Quantification of biomolecules responsible for biomarkers in the surface-enhanced Raman spectra of bacteria using liquid chromatography-mass spectrometry.

Recently, specific biomarkers in the surface-enhanced Raman scattering (SERS) spectra of bacteria have been successfully exploited for rapid bacterial antibiotic susceptibility testing (AST) - dubbed SERS-AST. The biomolecules responsible for these bacterial SERS biomarkers have been identified as several purine derivative metabolites involved in bacterial purine salvage pathways (W. R. Premasiri, J. C. Lee, A. Sauer-Budge, R. Theberge, C. E. Costello and L. D. Ziegler, Anal. Bioanal. Chem., 2016, 408, 4631). Here we quantified these metabolites in the SERS spectra of Staphylococcus aureus and Escherichia coli using ultraperformance liquid chromatography/electrospray ionization-mass spectrometry (UPLC/ESI-MS). The time dependences of the concentrations of these molecules were measured using C-13- or C-12-purine derivatives as internal and external standards respectively in UPLC/ESI-MS measurements. Surprisingly, a single S. aureus and an E. coli cell were found to release millions of adenine and hypoxanthine into a water environment in an hour respectively.

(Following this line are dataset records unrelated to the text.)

text \<open>Points near \<open>w\<close> that leave the disc of radius \<open>R\<close> are pushed beyond \<open>2R\<close> one step later,
  while the orbit of \<open>w\<close> stays in the disc; this keeps their chordal distance bounded below.\<close>
lemma in_julia_setI:
  assumes R: "escape_radius p R"
    and bounded: "\<And>n. cmod ((poly p ^^ n) w) \<le> R"
    and escaping: "\<And>d. d > 0 \<Longrightarrow> \<exists>z n. cmod (z - w) < d \<and> R < cmod ((poly p ^^ n) z)"
  shows "w \<in> julia_set p"
  unfolding julia_set_def
proof (intro DiffI UNIV_I notI)
  assume "w \<in> fatou_set p"
  then have "iterates_equicontinuous_at p w" unfolding fatou_set_def by blast
  moreover have "1 / (2 * sqrt (1 + R\<^sup>2)) > 0" by (auto intro: add_pos_nonneg)
  ultimately obtain d where "d > 0" and d: "\<And>z n. cmod (z - w) < d \<Longrightarrow>
      chordal_dist ((poly p ^^ n) z) ((poly p ^^ n) w) < 1 / (2 * sqrt (1 + R\<^sup>2))"
    unfolding iterates_equicontinuous_at_def by blast
  obtain z n where "cmod (z - w) < d" and z_out: "R < cmod ((poly p ^^ n) z)"
    using escaping[OF \<open>d > 0\<close>] by blast
  have "2 * R \<le> 2 * cmod ((poly p ^^ n) z)" using z_out by simp
  also have "\<dots> \<le> cmod ((poly p ^^ Suc n) z)"
    using R z_out unfolding escape_radius_def by simp
  finally have "1 / (2 * sqrt (1 + R\<^sup>2)) \<le> chordal_dist ((poly p ^^ Suc n) z) ((poly p ^^ Suc n) w)"
    using R bounded[of "Suc n"] by (intro chordal_dist_lower_bound) (auto simp: escape_radius_def)
  with d[of z "Suc n"] \<open>cmod (z - w) < d\<close> show False by simp
qed

lemma continuous_on_iterate_poly:
  fixes p :: "'a::real_normed_field poly"
  assumes "continuous_on S f"
  shows "continuous_on S (\<lambda>t. (poly p ^^ n) (f t))"
proof (induction n)
  case (Suc n)
  show ?case using continuous_on_poly[OF Suc.IH] by simp
qed (simp add: assms)

text \<open>The point of the ray is the one with the largest parameter among those with bounded orbit;
  these parameters form a closed set, bounded because bounded orbits stay in the disc.\<close>
lemma julia_set_meets_ray:
  assumes R: "escape_radius p R"
    and bounded: "\<And>n. cmod ((poly p ^^ n) r) \<le> R"
    and "a \<noteq> 0"
  obtains T where "T \<ge> 0" and "r - T *\<^sub>R a \<in> julia_set p"
proof -
  define g where "g t = r - t *\<^sub>R a" for t :: real
  define B where "B = {t. 0 \<le> t \<and> (\<forall>n. cmod ((poly p ^^ n) (g t)) \<le> R)}"
  have cont: "continuous_on UNIV (\<lambda>t. (poly p ^^ n) (g t))" for n
    unfolding g_def by (intro continuous_on_iterate_poly continuous_intros)
  have "B = {0..} \<inter> (\<Inter>n. (\<lambda>t. (poly p ^^ n) (g t)) -` cball 0 R)"
    unfolding B_def by (auto simp: dist_norm)
  also have "closed \<dots>"
    by (intro closed_Int closed_INT ballI closed_vimage closed_cball closed_atLeast cont)
  finally have "closed B" .
  moreover have "0 \<in> B" using bounded by (simp add: B_def g_def)
  moreover have "bdd_above B"
  proof
    fix t assume "t \<in> B"
    then have "t \<ge> 0" and "cmod (r - t *\<^sub>R a) \<le> R"
      unfolding B_def g_def by (auto dest: spec[of _ 0])
    then have "t * cmod a \<le> R + cmod r"
      using norm_triangle_ineq3[of "t *\<^sub>R a" r] by (simp add: norm_minus_commute)
    then show "t \<le> (R + cmod r) / cmod a" using \<open>a \<noteq> 0\<close> by (simp add: field_simps)
  qed
  ultimately have "Sup B \<in> B" by (intro closed_contains_Sup) auto
  define T where "T = Sup B"
  have "T \<ge> 0" and bounded_T: "\<And>n. cmod ((poly p ^^ n) (g T)) \<le> R"
    using \<open>Sup B \<in> B\<close> by (auto simp: B_def T_def)
  have escaping: "\<exists>n. R < cmod ((poly p ^^ n) (g t))" if "t > T" for t
  proof -
    have "t \<notin> B" using that \<open>bdd_above B\<close> cSup_upper[of t B] by (auto simp: T_def)
    then show ?thesis using that \<open>T \<ge> 0\<close> by (auto simp: B_def not_le)
  qed
  have "g T \<in> julia_set p"
  proof (rule in_julia_setI[OF R bounded_T])
    fix d :: real assume "d > 0"
    define t where "t = T + d / (2 * cmod a)"
    have "t > T" using \<open>d > 0\<close> \<open>a \<noteq> 0\<close> by (simp add: t_def)
    have "g t - g T = - ((d / (2 * cmod a)) *\<^sub>R a)" by (simp add: g_def t_def algebra_simps)
    then have "cmod (g t - g T) < d" using \<open>a \<noteq> 0\<close> \<open>d > 0\<close> by simp
    then show "\<exists>z n. cmod (z - g T) < d \<and> R < cmod ((poly p ^^ n) z)"
      using escaping[OF \<open>t > T\<close>] by blast
  qed
  then show ?thesis using \<open>T \<ge> 0\<close> that by (simp add: g_def)
qed

lemma bounded_orbit_in_convex_hull_julia_set:
  assumes R: "escape_radius p R"
    and bounded: "\<And>n. cmod ((poly p ^^ n) r) \<le> R"
  shows "r \<in> convex hull (julia_set p)"
proof (rule ccontr)
  define C where "C = convex hull (julia_set p)"
  assume "r \<notin> convex hull (julia_set p)"
  then have "0 \<notin> (\<lambda>x. x - r) ` C" by (auto simp: C_def)
  moreover have "convex ((\<lambda>x. x - r) ` C)" by (simp add: C_def)
  ultimately obtain a where "a \<noteq> 0" and "\<forall>y\<in>(\<lambda>x. x - r) ` C. 0 \<le> inner a y"
    using separating_hyperplane_set_0 by blast
  then have a: "\<And>x. x \<in> C \<Longrightarrow> 0 \<le> inner a (x - r)" by blast
  obtain T where "T \<ge> 0" and J: "r - T *\<^sub>R a \<in> julia_set p"
    using julia_set_meets_ray[OF R bounded \<open>a \<noteq> 0\<close>] by blast
  have "0 \<le> inner a ((r - T *\<^sub>R a) - r)"
    using J by (intro a) (simp add: C_def hull_inc)
  then have "T * inner a a \<le> 0" by (simp add: inner_diff_right)
  moreover have "inner a a > 0" using \<open>a \<noteq> 0\<close> by simp
  ultimately have "T = 0" using \<open>T \<ge> 0\<close> by (simp add: mult_le_0_iff)
  with J \<open>r \<notin> convex hull (julia_set p)\<close> show False by (auto intro: hull_inc)
qed

lemma poly_fixed_point_exists:
  fixes p :: "complex poly"
  assumes "degree p \<ge> 2"
  obtains x where "poly p x = x"
proof -
  have "degree (p - [:0, 1:]) = degree p"
    using assms by (simp add: degree_diff_eq_left)
  then have "\<not> constant (poly (p - [:0, 1:]))"
    using assms by (simp add: constant_degree)
  then obtain x where "poly (p - [:0, 1:]) x = 0"
    using fundamental_theorem_of_algebra by blast
  then show ?thesis using that by simp
qed

lemma orbit_of_fixed_point_preimage_bounded:
  assumes R: "escape_radius p R" and fixed: "poly p x = x" and preimage: "poly p y = x"
  shows "cmod ((poly p ^^ n) y) \<le> R"
proof (cases n)
  case 0
  have "cmod (poly p y) < R"
    using escape_radius_fixed_point[OF R fixed] by (simp add: preimage)
  then show ?thesis using escape_radius_preimage[OF R] 0 by fastforce
next
  case (Suc k)
  have "(poly p ^^ Suc k) y = x"
    by (induction k) (simp_all add: preimage fixed)
  then show ?thesis using escape_radius_fixed_point[OF R fixed] Suc by simp
qed

theorem mainTheorem3:
  fixes p :: "complex poly" and z :: complex
  assumes "degree p \<ge> 2"
    and "poly (pderiv p) z = 0"
  shows "z \<in> convex hull (julia_set p)"
proof -
  obtain R where R: "escape_radius p R"
    using escape_radius_exists[OF assms(1)] .
  obtain x where fixed: "poly p x = x"
    using poly_fixed_point_exists[OF assms(1)] .
  have "degree (p - [:x:]) \<ge> 1"
    using assms(1) by (simp add: degree_diff_eq_left)
  moreover have "poly (pderiv (p - [:x:])) z = 0"
    using assms(2) by (simp add: pderiv_diff pderiv_pCons)
  ultimately have "z \<in> convex hull {y. poly (p - [:x:]) y = 0}"
    by (rule gauss_lucas)
  also have "\<dots> \<subseteq> convex hull (julia_set p)"
  proof (rule hull_minimal)
    show "{y. poly (p - [:x:]) y = 0} \<subseteq> convex hull (julia_set p)"
      using bounded_orbit_in_convex_hull_julia_set[OF R]
        orbit_of_fixed_point_preimage_bounded[OF R fixed] by auto
  qed simp
  finally show ?thesis .
qed

end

Furthermore, simulated SERS spectra of bacterial supernatants based on the mixtures of purine derivatives with measured concentrations also show great similarity with those of the corresponding bacterial samples. Our results not only provide a quantitative foundation for the emerging SERS-AST method but also suggest the potential of exploiting SERS for in situ monitoring the changes in bacterial purine salvage processes in response to different physical and chemical challenges.